Si les effets sur l’emploi sont avérés, cette stratégie a favorisé l’emploi à bas salaire et incidemment conduit à des taux marginaux implicites trop élevés : pour augmenter de 100 € le revenu disponible d’un travailleur sous le salaire médian, l'employeur doit supporter un coût salarial supplémentaire compris entre 300 et 400 €. Ce mécanisme freine la progression des salaires dans une zone où se concentre une grande partie de l’emploi (« effet de pente »).
Les méta-analyses internationales suggèrent que les effets des allègements sur l’emploi, importants dans les années 1990 (fort chômage, coût du Smic élevé), sont aujourd’hui plus faibles.

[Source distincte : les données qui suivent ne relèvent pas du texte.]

definition singular :: "('v, 'e) dgraph \<Rightarrow> 'v \<Rightarrow> bool" where
  "singular E v \<longleftrightarrow> {e \<in> edges E. src E e = v} = {} \<or> infinite {e \<in> edges E. src E e = v}"

datatype ('v, 'e) bpath = Fin 'v "'e list" | Inf "nat \<Rightarrow> 'e"

definition bdry :: "('v, 'e) dgraph \<Rightarrow> ('v, 'e) bpath set" where
  "bdry E = {Fin v es | v es. (v, es) \<in> fpaths E \<and> singular E (prange E (v, es))}
          \<union> {Inf x | x. x \<in> ipaths E}"

fun blen :: "('v, 'e) bpath \<Rightarrow> enat" where
  "blen (Fin v es) = enat (length es)"
| "blen (Inf x) = \<infinity>"

definition bdry_ge :: "('v, 'e) dgraph \<Rightarrow> nat \<Rightarrow> ('v, 'e) bpath set" where
  "bdry_ge E n = {x \<in> bdry E. enat n \<le> blen x}"

fun bsrc :: "('v, 'e) dgraph \<Rightarrow> ('v, 'e) bpath \<Rightarrow> 'v" where
  "bsrc E (Fin v es) = v"
| "bsrc E (Inf x) = src E (x 0)"

fun pcat :: "'v \<times> 'e list \<Rightarrow> ('v, 'e) bpath \<Rightarrow> ('v, 'e) bpath" where
  "pcat (v, es) (Fin w fs) = Fin v (es @ fs)"
| "pcat (v, es) (Inf x) = Inf (\<lambda>i. if i < length es then es ! i else x (i - length es))"

definition cyl :: "('v, 'e) dgraph \<Rightarrow> 'v \<times> 'e list \<Rightarrow> ('v, 'e) bpath set" where
  "cyl E \<mu> = {pcat \<mu> x | x. x \<in> bdry E \<and> bsrc E x = prange E \<mu>}"

definition bdry_basis :: "('v, 'e) dgraph \<Rightarrow> ('v, 'e) bpath set set" where
  "bdry_basis E = {cyl E \<mu> - (\<Union>e\<in>G. cyl E (fst \<mu>, snd \<mu> @ [e])) | \<mu> G.
      \<mu> \<in> fpaths E \<and> finite G \<and> G \<subseteq> {e \<in> edges E. src E e = prange E \<mu>}}"

definition bdry_top :: "('v, 'e) dgraph \<Rightarrow> ('v, 'e) bpath topology" where
  "bdry_top E = topology_generated_by (bdry_basis E)"

text \<open>The shift map (only meaningful on paths of length at least 1;
  on vertices it is the identity, a value never used below).\<close>
fun shift :: "('v, 'e) dgraph \<Rightarrow> ('v, 'e) bpath \<Rightarrow> ('v, 'e) bpath" where
  "shift E (Fin v []) = Fin v []"
| "shift E (Fin v (e # es)) = Fin (rng E e) es"
| "shift E (Inf x) = Inf (\<lambda>i. x (Suc i))"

Ils restent forts pour les bas salaires, les jeunes et en période de conjoncture dégradée. Les difficultés d’accès à l’emploi sont d’ailleurs concentrées sur les jeunes et les seniors...
Le Conseil d’analyse économique réalise, en toute indépendance, des analyses économiques pour le gouvernement et les rend publiques. Il est composé d'économistes universitaires et de chercheurs reconnus pour leurs travaux en économie, de sensibilités diverses...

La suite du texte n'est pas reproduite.